By Steve Sailer
06/26/2021
Earlier on women’s pole vaulting: Human Biodiversity at the Olympics
I rather like niche sports where there isn’t so much competition that only the most perfect genetic specimen for that sport stands a chance. I’m classist, but I rather like old time sports where wealthy sportsmen and sportswomen had an advantage.
For example, when women’s pole-vaulting was introduced a few decades ago, the pioneers tended to very nice looking. Men pole-vaulters have tended to be handsome as well. I can recall the TV commentators for a track meet about 50 years ago commenting to that effect: the event demands a nice balance of litheness along with both upper and lower body strength. Over the generations, Olympic athletes have tended to get funnier looking, as increased competition increasingly selects for whatever genetic oddity can best be exploited by that event. But pole-vaulters tend to remain looking like an ideal of an athlete that an ancient Greek sculptor would have recognized.
But, I suspect, another reason was that the early lady pole-vaulters tended to be the daughters of rich men of athletic inclination with good looking wives who were willing to pay for their daughters to pursue a wholesome sport at which they could have some success because practically nobody else in the state had even tried it yet.
Pole-vaulting requires many of the same tumbling skills as cheerleading, but it tends to be a notch up the social class ladder for girls. There are not yet any well-known cases of a pole-vaulter’s mom hiring a hit man to take out her daughter’s rival.
I noticed back in the 1970s that nurture as well as nature played a big role in pole-vaulting because my high school’s archrival, Crespi HS, had the five Curran Brothers.
IIRC, they each won the Southern California high school pole-vaulting championship.
This was attributed to their growing up having a pole-vaulting pit in their backyard.
I always imagined that the Curran were rich kids with a huge backyard (by Los Angeles’ cramped standards) and a state of the art set-up.
For example, here is the one built by American Olympian Sandi Morris (right) and her dad.
I finally tracked down a home movie of the adolescent Currans practicing in the 1970s.
But, no, they weren’t rich like I’d assumed.
Instead, they were courageous maniacs: they ran diagonally across their small backyard to the crossbar at the corner of their brick walls and landed on a few old mattresses they’d scrounged.
But, still, it really helps in pole-vaulting if your dad can shell out.
A good example is a young lady named Collins Tuohy.
You probably saw her played by Lily Collins (Phil Collins’ daughter) in the 2009 hit movie The Blind Side. That’s a movie by a couple of Southern conservatives, director John Lee Hancock and journalist Michael Lewis, about a rich Republican couple in Memphis, played by Sandra Bullock in her Oscar-winning role and country singer Tim McGraw, who adopt a giant black homeless youth named Michael Oher and help him get a scholarship to play left tackle for the Ole Miss football team.

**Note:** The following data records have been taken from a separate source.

text \<open>Integrating \<open>((x - t) g(x) w(x))'\<close> over \<open>[0, 1]\<close>, where the boundary terms vanish, gives
  for every polynomial \<open>g\<close>
    \<open>\<integral> ((x - t) g)' w + (\<alpha> + \<beta> + \<gamma>) \<integral> g w = \<alpha> t \<integral> g w / x + \<beta> (1 - t) \<integral> g w / (1 - x)\<close>,
  because \<open>(x - t) w'/w = \<alpha> + \<beta> + \<gamma> - \<alpha> t / x - \<beta> (1 - t) / (1 - x)\<close>.
  Let \<open>p(n)\<close> be the coefficient of \<open>x^(n-1)\<close> in \<open>P n\<close>. For \<open>g = P n * P (n-1)\<close> orthogonality turns
  the left-hand side into \<open>(- p(n) - n t) h (n-1)\<close>, so \<open>(1 - t) r n + t y n = - p(n) - n t\<close>.
  For \<open>g = x * P j ^ 2\<close> it expresses \<open>(1 - t) R j\<close> as a difference of consecutive terms in \<open>p\<close>
  plus a term polynomial in \<open>j\<close>; summing over \<open>j < n\<close> telescopes to an expression in \<open>p(n)\<close>.
  Eliminating \<open>p(n)\<close> between the two identities yields the theorem.\<close>

lemma integrable_on_01_if_Beta_dominated:
  fixes f :: "real \<Rightarrow> real"
  assumes "a > 0" "b > 0" "continuous_on {0<..<1} f"
    and "\<And>x. x \<in> {0<..<1} \<Longrightarrow> \<bar>f x\<bar> \<le> C * (x powr (a - 1) * (1 - x) powr (b - 1))"
  shows "f integrable_on {0..1}"
proof -
  have "f integrable_on {0<..<1}"
  proof (rule measurable_bounded_by_integrable_imp_integrable_real)
    show "f \<in> borel_measurable (lebesgue_on {0<..<1})"
      using assms(3) by (rule continuous_imp_measurable_on_sets_lebesgue) auto
    show "(\<lambda>x. C * (x powr (a - 1) * (1 - x) powr (b - 1))) integrable_on {0<..<1}"
      using integrable_on_cmult_left[OF integrable_Beta'[OF assms(1,2)], of C]
      by (simp add: integrable_on_open_interval_real)
  qed (use assms(4) in auto)
  then show ?thesis by (simp add: integrable_on_open_interval_real)
qed

definition wint :: "(real \<Rightarrow> real) \<Rightarrow> real poly \<Rightarrow> real" where
  "wint w q = integral {0..1} (\<lambda>x. poly q x * w x)"

lemma integrable_poly_mult_weight:
  fixes w :: "real \<Rightarrow> real"
  assumes "continuous_on {0..1} w"
  shows "(\<lambda>x. poly q x * w x) integrable_on {0..1}"
  by (intro integrable_continuous_real continuous_intros assms)

lemma hn_eq_wint: "hn w P n = wint w (P n * P n)"
  by (simp add: hn_def wint_def power2_eq_square)

lemma wint_square_pos:
  fixes w :: "real \<Rightarrow> real"
  assumes cont: "continuous_on {0..1} w" and nonneg: "\<And>x. x \<in> {0..1} \<Longrightarrow> 0 \<le> w x"
    and ab: "0 \<le> a" "a < b" "b \<le> 1" and pos: "\<And>x. x \<in> {a<..<b} \<Longrightarrow> 0 < w x"
    and "q \<noteq> 0"
  shows "wint w (q * q) > 0"
proof -
  define f where "f x = poly (q * q) x * w x" for x
  have f_cont: "continuous_on (cbox 0 1) f"
    unfolding f_def cbox_interval by (intro continuous_intros cont)
  have f_nonneg: "0 \<le> f x" if "x \<in> {0..1}" for x
    using nonneg[OF that] by (simp add: f_def)
  have "finite {x. poly q x = 0}" using \<open>q \<noteq> 0\<close> by (rule poly_roots_finite)
  then have "infinite ({a<..<b} - {x. poly q x = 0})"
    using ab by (intro Diff_infinite_finite) auto
  then obtain x0 where x0: "x0 \<in> {a<..<b}" "poly q x0 \<noteq> 0"
    using infinite_imp_nonempty by blast
  have "f x0 > 0" using x0 pos[OF x0(1)] by (auto simp: f_def zero_less_mult_iff linorder_neq_iff)
  have "wint w (q * q) \<ge> 0"
    unfolding wint_def using f_nonneg
    by (intro integral_nonneg integrable_poly_mult_weight cont) (simp add: f_def)
  moreover have "wint w (q * q) \<noteq> 0"
  proof
    assume "wint w (q * q) = 0"
    then have "(f has_integral 0) (cbox 0 1)"
      using integrable_poly_mult_weight[OF cont, of "q * q"]
      unfolding wint_def f_def cbox_interval by (metis integrable_integral)
    then have "f x0 = 0"
      using f_nonneg x0 ab
      by (intro has_integral_0_cbox_imp_0[OF f_cont]) (auto simp: cbox_interval box_real)
    with \<open>f x0 > 0\<close> show False by simp
  qed
  ultimately show ?thesis by simp
qed

lemma pderiv_linear_mult_mult:
  fixes l a b :: "real poly"
  assumes "pderiv l = 1"
  shows "pderiv (l * (a * b)) = (a + l * pderiv a) * b + (l * pderiv b) * a"
  using assms by (simp add: pderiv_mult algebra_simps)

lemma degree_linear_mult_le:
  fixes p :: "real poly"
  shows "degree p \<le> k \<Longrightarrow> degree ([:a, 1:] * p) \<le> Suc k"
  using degree_mult_le[of "[:a, 1:]" p] by simp

lemma coeff_linear_mult_Suc:
  fixes p :: "real poly"
  shows "coeff ([:a, 1:] * p) (Suc i) = a * coeff p (Suc i) + coeff p i"
  by (simp add: mult_pCons_left)

locale monic_orthogonal_family =
  fixes w :: "real \<Rightarrow> real" and P :: "nat \<Rightarrow> real poly"
  assumes continuous_weight: "continuous_on {0..1} w"
    and monic_ops: "monic_OPS w P"
begin

lemma wint_add: "wint w (p + q) = wint w p + wint w q"
  unfolding wint_def
  by (simp add: distrib_right integral_add integrable_poly_mult_weight continuous_weight)

lemma wint_smult: "wint w (smult c p) = c * wint w p"
  by (simp add: wint_def mult.assoc)
(* Let $n\ge0$ and $k\ge1$. For every formula $\alpha$: if $\vDash_{\mathcal{R}_n^k}\alpha$ then $\vdash_{L_n^k}\alpha$.
   Context: Formulas are built from a countable set of propositional variables using unary $\neg,\circ$ and binary $\land,\lor,\to$; $\circ^0\alpha=\alpha$, $\circ^{m+1}\alpha=\circ(\circ^m\alpha)$, $\alpha\leftrightarrow\beta:=(\alpha\to\beta)\land(\beta\to\alpha)$. mbC is the Hilbert calculus with the axiom schemas of a standard axiomatization of positive classical propositional logic in $\land,\lor,\to$, plus (TND) $\alpha\lor\neg\alpha$ and (bc1) $\circ\alpha\to(\alpha\to(\neg\alpha\to\beta))$, modus ponens being the only rule; mbCciw is mbC plus (ciw) $\circ\alpha\lor(\alpha\land\neg\alpha)$. For $n\ge0$, $k\ge1$, $L_n^k$ is mbCciw plus (cc$^n$) $\circ^{n+2}\alpha$, (dn) $\neg\neg\alpha\leftrightarrow\alpha$, and (ip$^j$) $\neg\circ^j\neg\alpha\leftrightarrow\neg\circ^j\alpha$ for each $1\le j<k$. $\mathcal{M}_1$ is the three-valued Nmatrix with values $T,t,F$, designated set $D=\{T,t\}$, and: $\neg T=\{F\}$, $\neg t=\{t\}$, $\neg F=\{T\}$; $\circ T=\circ F=\{T,t\}$, $\circ t=\{F\}$; $x\land y=\{T,t\}$ if $x,y\in D$ else $\{F\}$; $x\lor y=\{T,t\}$ if $x\in D$ or $y\in D$ else $\{F\}$; $x\to y=\{T,t\}$ if $x\notin D$ or $y\in D$ else $\{F\}$. A valuation over $\mathcal{M}_1$ is a map $\vartheta$ from formulas to $\{T,t,F\}$ respecting these multioperations. $\mathcal{F}_n^k$ is the set of valuations $\vartheta$ over $\mathcal{M}_1$ such that for every formula $\alpha$: (vCc$^n$) if $\vartheta(\circ^n\alpha)\in\{T,F\}$ then $\vartheta(\circ^{n+1}\alpha)=T$; and (vip$^j$) $\vartheta(\circ^j\alpha)=\vartheta(\circ^j\neg\alpha)$ for each $1\le j\le k-1$. $\mathcal{R}_n^k=\langle\mathcal{M}_1,\mathcal{F}_n^k\rangle$, and $\vDash_{\mathcal{R}_n^k}\alpha$ means $\vartheta(\alpha)\in D$ for all $\vartheta\in\mathcal{F}_n^k$. *)

theory Defs
  imports Main
begin

datatype fm = Var nat | Neg fm | Circ fm | And fm fm | Or fm fm | Imp fm fm

definition Iff :: "fm \<Rightarrow> fm \<Rightarrow> fm" where
  "Iff a b = And (Imp a b) (Imp b a)"

abbreviation circs :: "nat \<Rightarrow> fm \<Rightarrow> fm" where
  "circs m a \<equiv> (Circ ^^ m) a"

inductive Lnk :: "nat \<Rightarrow> nat \<Rightarrow> fm \<Rightarrow> bool" for n k :: nat where
  Ax1: "Lnk n k (Imp a (Imp b a))"
| Ax2: "Lnk n k (Imp (Imp a b) (Imp (Imp a (Imp b c)) (Imp a c)))"
| Ax3: "Lnk n k (Imp a (Imp b (And a b)))"
| Ax4: "Lnk n k (Imp (And a b) a)"
| Ax5: "Lnk n k (Imp (And a b) b)"
| Ax6: "Lnk n k (Imp a (Or a b))"
| Ax7: "Lnk n k (Imp b (Or a b))"
| Ax8: "Lnk n k (Imp (Imp a c) (Imp (Imp b c) (Imp (Or a b) c)))"
| Ax9: "Lnk n k (Or a (Imp a b))"
| TND: "Lnk n k (Or a (Neg a))"
| bc1: "Lnk n k (Imp (Circ a) (Imp a (Imp (Neg a) b)))"
| ciw: "Lnk n k (Or (Circ a) (And a (Neg a)))"
| cc: "Lnk n k (circs (n + 2) a)"
| dn: "Lnk n k (Iff (Neg (Neg a)) a)"
| ip: "1 \<le> j \<Longrightarrow> j < k \<Longrightarrow> Lnk n k (Iff (Neg (circs j (Neg a))) (Neg (circs j a)))"
| MP: "Lnk n k a \<Longrightarrow> Lnk n k (Imp a b) \<Longrightarrow> Lnk n k b"

datatype tv = TT | tt | FF

definition designated :: "tv set" where "designated = {TT, tt}"

fun negM :: "tv \<Rightarrow> tv set" where
  "negM TT = {FF}" | "negM tt = {tt}" | "negM FF = {TT}"

fun circM :: "tv \<Rightarrow> tv set" where
  "circM TT = {TT, tt}" | "circM tt = {FF}" | "circM FF = {TT, tt}"

definition andM :: "tv \<Rightarrow> tv \<Rightarrow> tv set" where
  "andM x y = (if x \<in> designated \<and> y \<in> designated then {TT, tt} else {FF})"

definition orM :: "tv \<Rightarrow> tv \<Rightarrow> tv set" where
  "orM x y = (if x \<in> designated \<or> y \<in> designated then {TT, tt} else {FF})"

definition impM :: "tv \<Rightarrow> tv \<Rightarrow> tv set" where
  "impM x y = (if x \<notin> designated \<or> y \<in> designated then {TT, tt} else {FF})"

definition valuation :: "(fm \<Rightarrow> tv) \<Rightarrow> bool" where
  "valuation v \<longleftrightarrow>
     (\<forall>a. v (Neg a) \<in> negM (v a)) \<and>
     (\<forall>a. v (Circ a) \<in> circM (v a)) \<and>
     (\<forall>a b. v (And a b) \<in> andM (v a) (v b)) \<and>
     (\<forall>a b. v (Or a b) \<in> orM (v a) (v b)) \<and>
     (\<forall>a b. v (Imp a b) \<in> impM (v a) (v b))"

definition Fnk :: "nat \<Rightarrow> nat \<Rightarrow> (fm \<Rightarrow> tv) set" where
  "Fnk n k = {v. valuation v \<and>
     (\<forall>a. v (circs n a) \<in> {TT, FF} \<longrightarrow> v (circs (n + 1) a) = TT) \<and>
     (\<forall>a j. 1 \<le> j \<and> j \<le> k - 1 \<longrightarrow> v (circs j a) = v (circs j (Neg a)))}"

definition valid_Rnk :: "nat \<Rightarrow> nat \<Rightarrow> fm \<Rightarrow> bool" where
  "valid_Rnk n k a \<longleftrightarrow> (\<forall>v \<in> Fnk n k. v a \<in> designated)"

end

theory Submission
  imports Defs
begin

text \<open>If \<alpha> is not a theorem, compactness of derivability and Zorn's lemma give a
  maximal set D of formulas from which \<alpha> is not derivable. By the deduction theorem,
  the positive axioms and TND, D is a prime theory containing b or \<not>b for every b.
  Value b as FF if b \<notin> D, as tt if both b and \<not>b lie in D, and as TT otherwise.
  By bc1 and ciw, \<circ>b \<in> D exactly when b is not valued tt; this makes the map a
  valuation over M_1, and then cc^n and ip^j yield (vCc^n) and (vip^j). As \<alpha> \<notin> D,
  this valuation refutes \<alpha>.\<close>

inductive Lnk_from :: "nat \<Rightarrow> nat \<Rightarrow> fm set \<Rightarrow> fm \<Rightarrow> bool" for n k :: nat where
  hyp: "a \<in> G \<Longrightarrow> Lnk_from n k G a"
| ax: "Lnk n k a \<Longrightarrow> Lnk_from n k G a"
| MP: "Lnk_from n k G a \<Longrightarrow> Lnk_from n k G (Imp a b) \<Longrightarrow> Lnk_from n k G b"

lemma Lnk_from_empty: "Lnk_from n k {} a \<Longrightarrow> Lnk n k a"
proof (induction "{} :: fm set" a rule: Lnk_from.induct)
  case (MP a b)
  then show ?case by (blast intro: Lnk.MP)
qed auto

lemma Lnk_from_mono: "Lnk_from n k G a \<Longrightarrow> G \<subseteq> H \<Longrightarrow> Lnk_from n k H a"
  by (induction rule: Lnk_from.induct) (auto intro: Lnk_from.intros)

lemma Lnk_from_finite_subset:
  "Lnk_from n k G a \<Longrightarrow> \<exists>F. finite F \<and> F \<subseteq> G \<and> Lnk_from n k F a"
proof (induction rule: Lnk_from.induct)
  case (hyp a G)
  then show ?case by (intro exI[of _ "{a}"]) (auto intro: Lnk_from.hyp)
next
  case (ax a G)
  then show ?case by (intro exI[of _ "{}"]) (auto intro: Lnk_from.ax)
next
  case (MP G a b)
  then obtain F1 F2 where "finite F1" "F1 \<subseteq> G" "Lnk_from n k F1 a"
    and "finite F2" "F2 \<subseteq> G" "Lnk_from n k F2 (Imp a b)"
    by blast
  then show ?case
    by (intro exI[of _ "F1 \<union> F2"]) (auto intro: Lnk_from.MP Lnk_from_mono)
qed

lemma Lnk_imp_refl: "Lnk n k (Imp a a)"
  using Lnk.MP[OF Lnk.Ax1 Lnk.MP[OF Lnk.Ax1 Lnk.Ax2]] .

lemma Lnk_from_deduction: "Lnk_from n k (insert b G) c \<Longrightarrow> Lnk_from n k G (Imp b c)"
proof (induction "insert b G" c rule: Lnk_from.induct)
  case (hyp a)
  then consider "a = b" | "a \<in> G" by blast
  then show ?case
  proof cases
    case 1
    then show ?thesis by (simp add: Lnk_from.ax Lnk_imp_refl)
  next
    case 2
    then show ?thesis by (meson Lnk_from.hyp Lnk_from.ax Lnk_from.MP Lnk.Ax1)
  qed
next
  case (ax a)
  then show ?case by (meson Lnk_from.ax Lnk_from.MP Lnk.Ax1)
next
  case (MP a c)
  then show ?case by (meson Lnk_from.ax Lnk_from.MP Lnk.Ax2)
qed

lemma Lnk_from_Union_chain:
  assumes "subset.chain {G. \<not> Lnk_from n k G \<alpha>} C" and "C \<noteq> {}"
  shows "\<not> Lnk_from n k (\<Union>C) \<alpha>"
proof
  assume "Lnk_from n k (\<Union>C) \<alpha>"
  from Lnk_from_finite_subset[OF this]
  obtain F where F: "finite F" "F \<subseteq> \<Union>C" "Lnk_from n k F \<alpha>"
    by blast
  obtain B where "B \<in> C" "F \<subseteq> B"
    using finite_subset_Union_chain[OF F(1,2) assms(2,1)] .
  moreover have "C \<subseteq> {G. \<not> Lnk_from n k G \<alpha>}"
    using assms(1) by (simp add: subset.chain_def)
  ultimately show False
    using Lnk_from_mono[OF F(3)] by blast
qed

locale Lnk_maximal_nonderiving =
  fixes n k :: nat and \<alpha> :: fm and D :: "fm set"
  assumes nonderiving: "\<not> Lnk_from n k D \<alpha>"
    and maximal: "\<And>X. \<not> Lnk_from n k X \<alpha> \<Longrightarrow> D \<subseteq> X \<Longrightarrow> X = D"

lemma Lindenbaum:
  assumes "\<not> Lnk n k \<alpha>"
  obtains D where "Lnk_maximal_nonderiving n k \<alpha> D"
proof -
  let ?nonderiving = "{G. \<not> Lnk_from n k G \<alpha>}"
  have "\<exists>D \<in> ?nonderiving. \<forall>X \<in> ?nonderiving. D \<subseteq> X \<longrightarrow> X = D"
  proof (rule subset_Zorn_nonempty)
    show "?nonderiving \<noteq> {}"
      using assms Lnk_from_empty by auto
    show "\<Union>C \<in> ?nonderiving" if "C \<noteq> {}" and "subset.chain ?nonderiving C" for C
      using Lnk_from_Union_chain[OF that(2,1)] by simp
  qed
  then show thesis
    using that by (auto simp add: Lnk_maximal_nonderiving_def)
qed

context Lnk_maximal_nonderiving
begin

lemma not_mem_imp_derivable:
  assumes "b \<notin> D"
  shows "Lnk_from n k D (Imp b \<alpha>)"
proof (rule Lnk_from_deduction)
  show "Lnk_from n k (insert b D) \<alpha>"
    using maximal[of "insert b D"] assms by auto
qed

lemma derivable_mem:
  assumes "Lnk_from n k D b"
  shows "b \<in> D"
proof (rule ccontr)
  assume "b \<notin> D"
  then have "Lnk_from n k D \<alpha>"
    using Lnk_from.MP[OF assms not_mem_imp_derivable] by blast
  with nonderiving show False ..
qed

lemma theorem_mem: "Lnk n k b \<Longrightarrow> b \<in> D"
  by (rule derivable_mem, rule Lnk_from.ax)

lemma MP_mem: "a \<in> D \<Longrightarrow> Imp a b \<in> D \<Longrightarrow> b \<in> D"
  by (rule derivable_mem, rule Lnk_from.MP[OF Lnk_from.hyp Lnk_from.hyp])

lemma alpha_not_mem: "\<alpha> \<notin> D"
  using nonderiving Lnk_from.hyp by blast

lemma Or_mem: "Or a b \<in> D \<longleftrightarrow> a \<in> D \<or> b \<in> D"
proof
  assume ab: "Or a b \<in> D"
  show "a \<in> D \<or> b \<in> D"
  proof (rule ccontr)
    assume "\<not> (a \<in> D \<or> b \<in> D)"
    then have "Lnk_from n k D (Imp a \<alpha>)" "Lnk_from n k D (Imp b \<alpha>)"
      using not_mem_imp_derivable by auto
    then have "Lnk_from n k D \<alpha>"
      using ab by (meson Lnk_from.hyp Lnk_from.ax Lnk_from.MP Lnk.Ax8)
    then show False using nonderiving by simp
  qed
next
  show "a \<in> D \<or> b \<in> D \<Longrightarrow> Or a b \<in> D"
    using MP_mem[OF _ theorem_mem[OF Lnk.Ax6[of n k a b]]]
      MP_mem[OF _ theorem_mem[OF Lnk.Ax7[of n k b a]]] by blast
qed

lemma And_mem: "And a b \<in> D \<longleftrightarrow> a \<in> D \<and> b \<in> D"
  using MP_mem[OF _ theorem_mem[OF Lnk.Ax4[of n k a b]]]
    MP_mem[OF _ theorem_mem[OF Lnk.Ax5[of n k a b]]]
    MP_mem[OF _ MP_mem[OF _ theorem_mem[OF Lnk.Ax3[of n k a b]]]] by blast

lemma Imp_mem: "Imp a b \<in> D \<longleftrightarrow> a \<notin> D \<or> b \<in> D"
  using MP_mem[of a b] MP_mem[OF _ theorem_mem[OF Lnk.Ax1[of n k b a]]]
    Or_mem[of a "Imp a b"] theorem_mem[OF Lnk.Ax9[of n k a b]] by blast

lemma Iff_mem: "Iff a b \<in> D \<Longrightarrow> a \<in> D \<longleftrightarrow> b \<in> D"
  unfolding Iff_def using And_mem Imp_mem by blast

lemma Neg_mem_if_not_mem: "a \<notin> D \<Longrightarrow> Neg a \<in> D"
  using Or_mem theorem_mem[OF Lnk.TND[of n k a]] by blast

lemma Neg_Neg_mem: "Neg (Neg a) \<in> D \<longleftrightarrow> a \<in> D"
  using Iff_mem theorem_mem[OF Lnk.dn[of n k a]] by blast

lemma Circ_mem: "Circ a \<in> D \<longleftrightarrow> \<not> (a \<in> D \<and> Neg a \<in> D)"
proof
  show "Circ a \<in> D \<Longrightarrow> \<not> (a \<in> D \<and> Neg a \<in> D)"
    using MP_mem[OF _ MP_mem[OF _ MP_mem[OF _ theorem_mem[OF Lnk.bc1[of n k a \<alpha>]]]]]
      alpha_not_mem by blast
  show "\<not> (a \<in> D \<and> Neg a \<in> D) \<Longrightarrow> Circ a \<in> D"
    using Or_mem And_mem theorem_mem[OF Lnk.ciw[of n k a]] by blast
qed

lemma circs_Neg_mem:
  assumes "1 \<le> j" "j < k"
  shows "circs j (Neg a) \<in> D \<longleftrightarrow> circs j a \<in> D"
  using assms
proof (induction j rule: dec_induct)
  case base
  show ?case using Circ_mem Neg_Neg_mem by auto
next
  case (step j)
  then have "j < k" by simp
  then have "Neg (circs j (Neg a)) \<in> D \<longleftrightarrow> Neg (circs j a) \<in> D"
    using Iff_mem theorem_mem[OF Lnk.ip] step.hyps(1) by auto
  with step show ?case using Circ_mem by simp
qed

definition canonical_val :: "fm \<Rightarrow> tv" where
  "canonical_val b = (if b \<notin> D then FF else if Neg b \<in> D then tt else TT)"

lemma canonical_val_designated: "canonical_val b \<in> designated \<longleftrightarrow> b \<in> D"
  by (simp add: canonical_val_def designated_def)

lemma canonical_val_classical: "canonical_val b \<in> {TT, FF} \<longleftrightarrow> Circ b \<in> D"
  by (auto simp: canonical_val_def Circ_mem)

lemma canonical_val_valuation: "valuation canonical_val"
  unfolding valuation_def
proof (intro conjI allI)
  fix a b
  show "canonical_val (Neg a) \<in> negM (canonical_val a)"
    using Neg_Neg_mem[of a] Neg_mem_if_not_mem[of a] by (auto simp: canonical_val_def)
  show "canonical_val (Circ a) \<in> circM (canonical_val a)"
    using Circ_mem[of a] by (auto simp: canonical_val_def)
  show "canonical_val (And a b) \<in> andM (canonical_val a) (canonical_val b)"
    using And_mem[of a b] by (auto simp: canonical_val_def andM_def designated_def)
  show "canonical_val (Or a b) \<in> orM (canonical_val a) (canonical_val b)"
    using Or_mem[of a b] by (auto simp: canonical_val_def orM_def designated_def)
  show "canonical_val (Imp a b) \<in> impM (canonical_val a) (canonical_val b)"
    using Imp_mem[of a b] by (auto simp: canonical_val_def impM_def designated_def)
qed

lemma canonical_val_Cc:
  assumes "canonical_val (circs n a) \<in> {TT, FF}"
  shows "canonical_val (circs (n + 1) a) = TT"
proof -
  have "Circ (circs n a) \<in> D"
    using assms canonical_val_classical by blast
  moreover have "Circ (Circ (circs n a)) \<in> D"
    using theorem_mem[OF Lnk.cc[of n k a]] by (simp add: numeral_2_eq_2)
  ultimately show ?thesis
    using Circ_mem[of "Circ (circs n a)"] by (simp add: canonical_val_def)
qed

lemma canonical_val_ip:
  assumes "1 \<le> j" "j < k"
  shows "canonical_val (circs j a) = canonical_val (circs j (Neg a))"
  using circs_Neg_mem[OF assms, of a] Iff_mem[OF theorem_mem[OF Lnk.ip[OF assms, of n a]]]
  by (simp add: canonical_val_def)

lemma canonical_val_Fnk: "canonical_val \<in> Fnk n k"
  unfolding Fnk_def
proof (intro CollectI conjI allI impI canonical_val_valuation)
  show "canonical_val (circs (n + 1) a) = TT" if "canonical_val (circs n a) \<in> {TT, FF}" for a
    using canonical_val_Cc[OF that] .
  show "canonical_val (circs j a) = canonical_val (circs j (Neg a))"
    if "1 \<le> j \<and> j \<le> k - 1" for a j
    using that by (intro canonical_val_ip) auto
qed

end

theorem theorem27:
  fixes n k :: nat and \<alpha> :: fm
  assumes "k \<ge> 1"
  shows "valid_Rnk n k \<alpha> \<Longrightarrow> Lnk n k \<alpha>"
proof (rule ccontr)
  assume valid: "valid_Rnk n k \<alpha>" and "\<not> Lnk n k \<alpha>"
  then obtain D where "Lnk_maximal_nonderiving n k \<alpha> D"
    using Lindenbaum by blast
  then interpret Lnk_maximal_nonderiving n k \<alpha> D .
  have "canonical_val \<alpha> \<in> designated"
    using valid canonical_val_Fnk by (simp add: valid_Rnk_def)
  then show False
    using alpha_not_mem canonical_val_designated by blast
qed

end
(* Fix parameters $\mathfrak h=(h,\varepsilon,\theta)$. Let $w_h,v_h\in\mathbb V_h$ satisfy $$-\Delta^\diamond_{\infty,\mathfrak h}w_h(z)\le-\Delta^\diamond_{\infty,\mathfrak h}v_h(z)\qquad\forall z\in\mathcal N_h^I,\qquad(\ast)$$ and suppose that one of the following holds: (1) for every $z\in\mathcal N_h^I$, $(\ast)$ holds with strict inequality at $z$ or $-\Delta^\diamond_{\infty,\mathfrak h}w_h(z)<0$; (2) for every $z\in\mathcal N_h^I$, $(\ast)$ holds with strict inequality at $z$ or $-\Delta^\diamond_{\infty,\mathfrak h}v_h(z)>0$. Then $$\max_{z\in\mathcal N_h}\big[w_h(z)-v_h(z)\big]=\max_{z\in\mathcal N_h^b}\big[w_h(z)-v_h(z)\big].$$
   Context: Setting: $\Omega\subset\mathbb R^d$ ($d\ge1$) is a bounded domain with continuous boundary. For $r>0$, $\Omega^{(r)}=\{x\in\Omega:\operatorname{dist}(x,\partial\Omega)>r\}$. $\mathcal T_h$ is a mesh of closed simplices, $h=\max_T\operatorname{diam}T$, $\Omega_h$ the interior of the union of the simplices, with $\Omega^{(h)}\subset\Omega_h\subset\Omega$; $\mathcal N_h$ is the set of vertices. $\mathbb V_h$ is the space of continuous piecewise linear functions on $\mathcal T_h$ and $\mathcal I_h$ is the Lagrange interpolant. Parameters $\mathfrak h=(h,\varepsilon,\theta)$ with $\varepsilon\in[h,\operatorname{diam}\Omega]$, $0<\theta\le1$. Interior nodes $\mathcal N_h^I=\mathcal N_h\cap\Omega^{(2\varepsilon)}$; boundary nodes $\mathcal N_h^b=\mathcal N_h\setminus\mathcal N_h^I$. $\mathbb S_\theta$ is a finite symmetric subset of the unit sphere $\mathbb S$ such that each $v\in\mathbb S$ has $v_\theta\in\mathbb S_\theta$ with $|v-v_\theta|\le\theta$. For $z\in\mathcal N_h^I$, $\mathcal N_{\mathfrak h}(z)=\{z\}\cup\{z+\varepsilon v_\theta:v_\theta\in\mathbb S_\theta\}$, $S^+_{\mathfrak h}w(z)=\varepsilon^{-1}(\max_{x\in\mathcal N_{\mathfrak h}(z)}w(x)-w(z))$, $S^-_{\mathfrak h}w(z)=\varepsilon^{-1}(w(z)-\min_{x\in\mathcal N_{\mathfrak h}(z)}w(x))$, and $-\Delta^\diamond_{\infty,\mathfrak h}w(z)=-\varepsilon^{-1}(S^+_{\mathfrak h}\mathcal I_hw(z)-S^-_{\mathfrak h}\mathcal I_hw(z))$ for $w\in C(\overline\Omega)$. *)

theory Defs
  imports "HOL-Analysis.Analysis"
begin

definition continuous_boundary :: "'a::euclidean_space set \<Rightarrow> bool" where
  "continuous_boundary \<Omega> \<longleftrightarrow>
     (\<forall>x\<in>frontier \<Omega>. \<exists>r>0. \<exists>e. norm e = 1 \<and>
        (\<exists>g. continuous_on {y. y \<bullet> e = 0} g \<and>
             ball x r \<inter> \<Omega> = {y\<in>ball x r. y \<bullet> e > g (y - (y \<bullet> e) *\<^sub>R e)}))"

definition domain_cb :: "'a::euclidean_space set \<Rightarrow> bool" where
  "domain_cb \<Omega> \<longleftrightarrow> open \<Omega> \<and> connected \<Omega> \<and> \<Omega> \<noteq> {} \<and> bounded \<Omega> \<and> continuous_boundary \<Omega>"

At Ole Miss, the father, Sean Tuohy, still set the Southeastern Conference record for most assists in a single basketball season, while the future Leigh Ann Tuohy was a cheerleader. Sean came to own 85 fast food outlets (although as Lewis notes, Sean cheerfully admits that he owned them to the extent that he could pay off all the loans he’d taken out).
Their daughter Collins Tuohy became the Mississippi girls high school pole-vault champion. (How many competitors did she have?) Then, at Ole Miss, she followed her mom as a cheerleader.
And since then she has married Cannon Smith, a football player at the U. of Miami, who is the son of Fred Smith, the business genius billionaire who invented FedEx.